Costs, budgets and volume of material. Can these really be to blame? Or is it simply bad practice, which has been allowed to happen and continues to happen?

It is a question of regulation and monitoring. Whatever systems the CPS have in place, it is clearly failing and so calls for an independent body to review. An effective review cannot take place internally, from within the organisation where there are seemingly many failures, that are likely to have been occurring for many, many years.

In civil litigation a ‘dedicated disclosure working group’ exists seeking to completely overhaul civil disclosure. The CPS should consider implementing a similar working group for criminal cases, to avoid evidence not being disclosed in a responsible manner. Whilst civil disclosure itself cannot be used as a comparator for criminal disclosure, due to the stark differences in the regimes, the principle of a ‘working group’ should be followed.

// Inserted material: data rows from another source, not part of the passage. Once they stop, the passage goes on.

(* Let $\delta>0$. There exist an integer $N$ and a real $\kappa>0$ such that for all $c\ge0$ and all integers $n\ge\max(N,\kappa c)$, $$\lambda_n(c)\le e^{-\delta(n-\kappa c)} .$$
   Context: For $c>0$, $\lambda_n(c)$, $n\ge0$, are the eigenvalues, arranged so that $1>\lambda_0(c)>\lambda_1(c)>\cdots>0$, of the compact self-adjoint operator on $L^2([-1,1])$ $$F_c\psi(x)=\int_{-1}^1\frac{\sin c(x-y)}{\pi(x-y)}\,\psi(y)\,dy,$$ whose eigenfunctions are the prolate spheroidal wave functions $\psi_{n,c}$ (the bounded solutions of $((1-x^2)\psi')'+(\chi_n(c)-c^2x^2)\psi=0$ on $[-1,1]$ with eigenvalue $\chi_n(c)$ increasing in $n$). *)

theory Defs
  imports "HOL-Analysis.Analysis"
begin

definition sinc_kernel :: "real \<Rightarrow> real \<Rightarrow> real" where
  "sinc_kernel c t = (if t = 0 then c / pi else sin (c * t) / (pi * t))"

definition is_Fc_eigenvalue :: "real \<Rightarrow> real \<Rightarrow> bool" where
  "is_Fc_eigenvalue c mu \<longleftrightarrow>
     (\<exists>psi :: real \<Rightarrow> real.
        psi \<in> borel_measurable lborel \<and>
        set_integrable lborel {-1..1} (\<lambda>y. (psi y)\<^sup>2) \<and>
        \<not> (AE x in lborel. x \<in> {-1..1} \<longrightarrow> psi x = 0) \<and>
        (AE x in lborel. x \<in> {-1..1} \<longrightarrow>
           (LINT y:{-1..1}|lborel. sinc_kernel c (x - y) * psi y) = mu * psi x))"

text \<open>lambda_n(c): the (n+1)-st largest positive eigenvalue of F_c, i.e. the positive
  eigenvalue x having exactly n eigenvalues strictly larger than it
  (eigenvalues are simple, so this is the standard enumeration
  lambda_0 > lambda_1 > ...). Convention 0 if no such eigenvalue exists (e.g. c = 0).\<close>
definition prolate_eigenvalue :: "real \<Rightarrow> nat \<Rightarrow> real" where
  "prolate_eigenvalue c n =
     (let P = (\<lambda>x. is_Fc_eigenvalue c x \<and> 0 < x \<and>
                    finite {y. is_Fc_eigenvalue c y \<and> x < y} \<and>
                    card {y. is_Fc_eigenvalue c y \<and> x < y} = n)
      in if (\<exists>x. P x) then (THE x. P x) else 0)"

end

theory Submission
  imports Defs
begin

(* The core estimate is  lambda_n(c) <= 2 B(c,n)  with
   B(c,n) = c^(n+1) 2^n / ((n+1)! pi), the Maclaurin remainder bound of the
   sinc kernel on [-2,2].  Take eigenfunctions psi_t for the n+1 eigenvalues
   t >= lambda_n(c); they are pairwise orthogonal because the kernel is
   symmetric.  Since there are n+1 of them, some nonzero combination f is
   orthogonal to 1, y, ..., y^(n-1).  The Taylor polynomial of degree < n of
   sin(c(x-y))/(pi(x-y)) is a polynomial in y, so it is annihilated by f and
   only the remainder acts:  |F_c f| <= B ||f||_1  on [-1,1]. *)

abbreviation J :: "real set" where "J \<equiv> {-1..1}"

section \<open>Square-integrable functions on [-1,1]\<close>

definition L2 :: "(real \<Rightarrow> real) \<Rightarrow> bool" where
  "L2 f \<longleftrightarrow> f \<in> borel_measurable lborel \<and> integrable lborel (\<lambda>x. indicator J x * (f x)\<^sup>2)"

definition ipJ :: "(real \<Rightarrow> real) \<Rightarrow> (real \<Rightarrow> real) \<Rightarrow> real" where
  "ipJ f g = (LINT x|lborel. indicator J x * (f x * g x))"

definition L1J :: "(real \<Rightarrow> real) \<Rightarrow> real" where
  "L1J f = (LINT x|lborel. \<bar>indicator J x * f x\<bar>)"

lemma L2_measurable [measurable_dest]: "L2 f \<Longrightarrow> f \<in> borel_measurable borel"
  by (simp add: L2_def)

lemma integrable_indicator_J_const: "integrable lborel (\<lambda>x. indicator J x * (B::real))"
proof -
  have "integrable lborel (\<lambda>x. B * indicator J x)"
    by (intro integrable_mult_right integrable_real_indicator) (auto simp: emeasure_lborel_Icc)
  then show ?thesis by (simp add: mult.commute)
qed

lemma integrable_dominated:
  fixes f g :: "'a \<Rightarrow> real"
  assumes "integrable M f" "g \<in> borel_measurable M" "\<And>x. \<bar>g x\<bar> \<le> \<bar>f x\<bar>"
  shows "integrable M g"
  by (rule Bochner_Integration.integrable_bound[OF assms(1,2)]) (use assms(3) in auto)

lemma integrable_bounded_on_J:
  fixes g :: "real \<Rightarrow> real"
  assumes "g \<in> borel_measurable lborel" "\<And>x. x \<in> J \<Longrightarrow> \<bar>g x\<bar> \<le> B"
  shows "integrable lborel (\<lambda>x. indicator J x * g x)"
proof (rule integrable_dominated[OF integrable_indicator_J_const[of B]])
  show "(\<lambda>x. indicator J x * g x) \<in> borel_measurable lborel" using assms(1) by measurable
  show "\<bar>indicator J x * g x\<bar> \<le> \<bar>indicator J x * B\<bar>" for x
    using assms(2)[of x] by (auto split: split_indicator)
qed

lemma L2_bounded:
  fixes g :: "real \<Rightarrow> real"
  assumes "g \<in> borel_measurable lborel" "\<And>x. x \<in> J \<Longrightarrow> \<bar>g x\<bar> \<le> B"
  shows "L2 g"
  unfolding L2_def
proof
  show "integrable lborel (\<lambda>x. indicator J x * (g x)\<^sup>2)"
  proof (rule integrable_bounded_on_J[of _ "B\<^sup>2"])
    show "(\<lambda>x. (g x)\<^sup>2) \<in> borel_measurable lborel" using assms(1) by measurable
    show "\<bar>(g x)\<^sup>2\<bar> \<le> B\<^sup>2" if "x \<in> J" for x
      using power_mono[OF assms(2)[OF that] abs_ge_zero, of 2] by simp
  qed
qed (use assms in simp)

lemma L2_power: "L2 (\<lambda>y. y ^ j)"
proof (rule L2_bounded[of _ 1])
  show "\<bar>x ^ j\<bar> \<le> 1" if "x \<in> J" for x :: real
  proof -
    have "\<bar>x\<bar> \<le> 1" using that by auto
    then show ?thesis by (simp add: power_abs power_le_one)
  qed
qed simp

lemma L2_integrable: assumes "L2 f" shows "integrable lborel (\<lambda>x. indicator J x * f x)"
proof (rule integrable_dominated)
  show "integrable lborel (\<lambda>x. indicator J x * 1 + indicator J x * (f x)\<^sup>2)"
    using assms integrable_indicator_J_const[of 1] unfolding L2_def
    by (intro Bochner_Integration.integrable_add) auto
  show "(\<lambda>x. indicator J x * f x) \<in> borel_measurable lborel" using assms by measurable
  show "\<bar>indicator J x * f x\<bar> \<le> \<bar>indicator J x * 1 + indicator J x * (f x)\<^sup>2\<bar>" for x
  proof -
    have "0 \<le> (\<bar>f x\<bar> - 1/2)\<^sup>2" by simp
    then have "\<bar>f x\<bar> \<le> 1 + (f x)\<^sup>2" by (simp add: power2_eq_square algebra_simps)
    then show ?thesis by (auto split: split_indicator)
  qed
qed

lemma L2_product_integrable:
  assumes "L2 f" "L2 g" shows "integrable lborel (\<lambda>x. indicator J x * (f x * g x))"
proof (rule integrable_dominated)
  show "integrable lborel (\<lambda>x. (indicator J x * (f x)\<^sup>2 + indicator J x * (g x)\<^sup>2) / 2)"
    using assms unfolding L2_def by (intro integrable_divide_zero Bochner_Integration.integrable_add) auto
  show "(\<lambda>x. indicator J x * (f x * g x)) \<in> borel_measurable lborel" using assms by measurable
  show "\<bar>indicator J x * (f x * g x)\<bar> \<le> \<bar>(indicator J x * (f x)\<^sup>2 + indicator J x * (g x)\<^sup>2) / 2\<bar>" for x
  proof -
    have "0 \<le> (\<bar>f x\<bar> - \<bar>g x\<bar>)\<^sup>2" by simp
    then have "\<bar>f x * g x\<bar> \<le> ((f x)\<^sup>2 + (g x)\<^sup>2) / 2"
      by (simp add: power2_eq_square abs_mult algebra_simps)
    then show ?thesis by (auto split: split_indicator)
  qed
qed

lemma L2_diff:
  assumes "L2 f" "L2 g" shows "L2 (\<lambda>x. f x - g x)"
  unfolding L2_def
proof
  show "(\<lambda>x. f x - g x) \<in> borel_measurable lborel" using assms by measurable
  have "(\<lambda>x. indicator J x * (f x - g x)\<^sup>2) = (\<lambda>x. indicator J x * (f x)\<^sup>2
          - 2 * (indicator J x * (f x * g x)) + indicator J x * (g x)\<^sup>2)"
    by (auto simp: power2_eq_square algebra_simps)
  then show "integrable lborel (\<lambda>x. indicator J x * (f x - g x)\<^sup>2)"
    using assms L2_product_integrable[OF assms] unfolding L2_def by auto
qed

lemma L2_lincomb:
  assumes "finite T" "\<And>t. t \<in> T \<Longrightarrow> L2 (f t)"
  shows "L2 (\<lambda>x. \<Sum>t\<in>T. a t * f t x)"
  unfolding L2_def
proof
  show "(\<lambda>x. \<Sum>t\<in>T. a t * f t x) \<in> borel_measurable lborel"
    using assms unfolding L2_def by (intro borel_measurable_sum borel_measurable_times) auto
  have eq: "(\<lambda>x. indicator J x * (\<Sum>t\<in>T. a t * f t x)\<^sup>2) =
     (\<lambda>x. \<Sum>s\<in>T. \<Sum>t\<in>T. (a s * a t) * (indicator J x * (f s x * f t x)))"
    by (auto simp: power2_eq_square sum_product sum_distrib_left algebra_simps intro!: sum.cong)
  show "integrable lborel (\<lambda>x. indicator J x * (\<Sum>t\<in>T. a t * f t x)\<^sup>2)"
    unfolding eq using assms L2_product_integrable
    by (intro Bochner_Integration.integrable_sum integrable_mult_right) auto
qed

lemma ipJ_commute: "ipJ f g = ipJ g f"
  by (simp add: ipJ_def mult.commute)

lemma ipJ_self_nonneg: "0 \<le> ipJ f f"
  unfolding ipJ_def by (intro integral_nonneg_AE AE_I2) (auto split: split_indicator)

lemma ipJ_scale_left: "ipJ (\<lambda>x. a * f x) g = a * ipJ f g"
  unfolding ipJ_def by (simp add: mult_ac flip: integral_mult_right_zero)

lemma L1J_nonneg: "0 \<le> L1J f"
  unfolding L1J_def by (intro integral_nonneg_AE AE_I2) simp

lemma ipJ_lincomb:
  assumes "finite T" "\<And>t. t \<in> T \<Longrightarrow> L2 (\<psi> t)" "L2 g"
  shows "ipJ (\<lambda>x. \<Sum>t\<in>T. a t * \<psi> t x) g = (\<Sum>t\<in>T. a t * ipJ (\<psi> t) g)"
proof -
  have "ipJ (\<lambda>x. \<Sum>t\<in>T. a t * \<psi> t x) g
      = (LINT x|lborel. (\<Sum>t\<in>T. a t * (indicator J x * (\<psi> t x * g x))))"
    unfolding ipJ_def
    by (intro Bochner_Integration.integral_cong refl)
       (simp add: sum_distrib_left sum_distrib_right mult_ac)
  also have "\<dots> = (\<Sum>t\<in>T. a t * ipJ (\<psi> t) g)"
    unfolding ipJ_def using assms L2_product_integrable
    by (subst Bochner_Integration.integral_sum) auto
  finally show ?thesis .
qed

lemma ipJ_diff:
  assumes "L2 f" "L2 g" "L2 h"
  shows "ipJ (\<lambda>x. f x - g x) h = ipJ f h - ipJ g h"
  unfolding ipJ_def using L2_product_integrable[OF assms(1,3)] L2_product_integrable[OF assms(2,3)]
  by (simp add: left_diff_distrib right_diff_distrib flip: Bochner_Integration.integral_diff)

lemma ipJ_cong_AE:
  assumes "f \<in> borel_measurable borel" "f' \<in> borel_measurable borel" "g \<in> borel_measurable borel"
    and "AE x in lborel. x \<in> J \<longrightarrow> f x = f' x"
  shows "ipJ f g = ipJ f' g"
  unfolding ipJ_def
  by (rule integral_cong_AE) (use assms in \<open>measurable, measurable, auto elim!: eventually_mono
      split: split_indicator\<close>)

Such a ‘working group’ focussing on criminal disclosure issues within the CPS should be comprised of CPS lawyers, SFO and FCA lawyers, criminal defence lawyers and Judges. It is envisaged that the working group would identify the issues and extent of CPS disclosure failures, propose remedies to the disclosure regime, along with the implementation and effective management of the disclosure regime, with a training program for CPS lawyers and a timetable to implementation.

The fact that no dedicated working group currently exists is, quite frankly, an oversight. The disclosure issues within the CPS are endemic and a radical overhaul is long overdue.


Emmeline Coerkamp

Byrne and Partners LLP


Emmeline Coerkamp is a criminal litigation lawyer with experience of a range of white collar crime matters. She has expertise in defending complex criminal fraud prosecutions, particularly matters brought by the Serious Fraud Office (SFO), as well as HM Revenue and Customs (HMRC) and the Crown Prosecution Service (CPS). She also has experience of confiscation proceedings.


Byrne and Partners is a dedicated commercial and criminal litigation practice based in the heart of London. Our experience and boutique profile means we are able to combine the highest levels of individual partner attention and quality service with very reasonable charge-out rates.

1 Comment
  1. Jan Ade says

    I have been a victim of a miscarriage of justice, due to non disclosure of evidence.

    Why has no investigator or CPS Prosecuting Lawyer been charged with a criminal offence and publically named and shamed, as those who are wrongly convicted are.

    A finding of being in contempt of court may result from a failure to obey a lawful order of a court, showing disrespect for the judge, disruption of the proceedings through poor behaviour, or non-disclosure of material, which in doing so is deemed likely to jeopardize a fair trial. A judge may impose sanctions such as a fine or jail for someone found guilty of contempt of court.

    If non – disclosure of material, which prevents a fair trial occurs, why has no one been charged with Contempt of Court.

    I sent a report and a dossier of evidence – from a SAR to the CPS, demonstrating the deliberate, successful attempts to pervert the Course of Justice by the CPS employed case lawyer. I have heard she is now no longer employed by the CPS. I have not received an apology and I don’t expect I ever will. The response I have had from the CPS and the Attorney Generals Office is one of annoyance for exposing, with evidence, the tried and tested methods to secure convictions.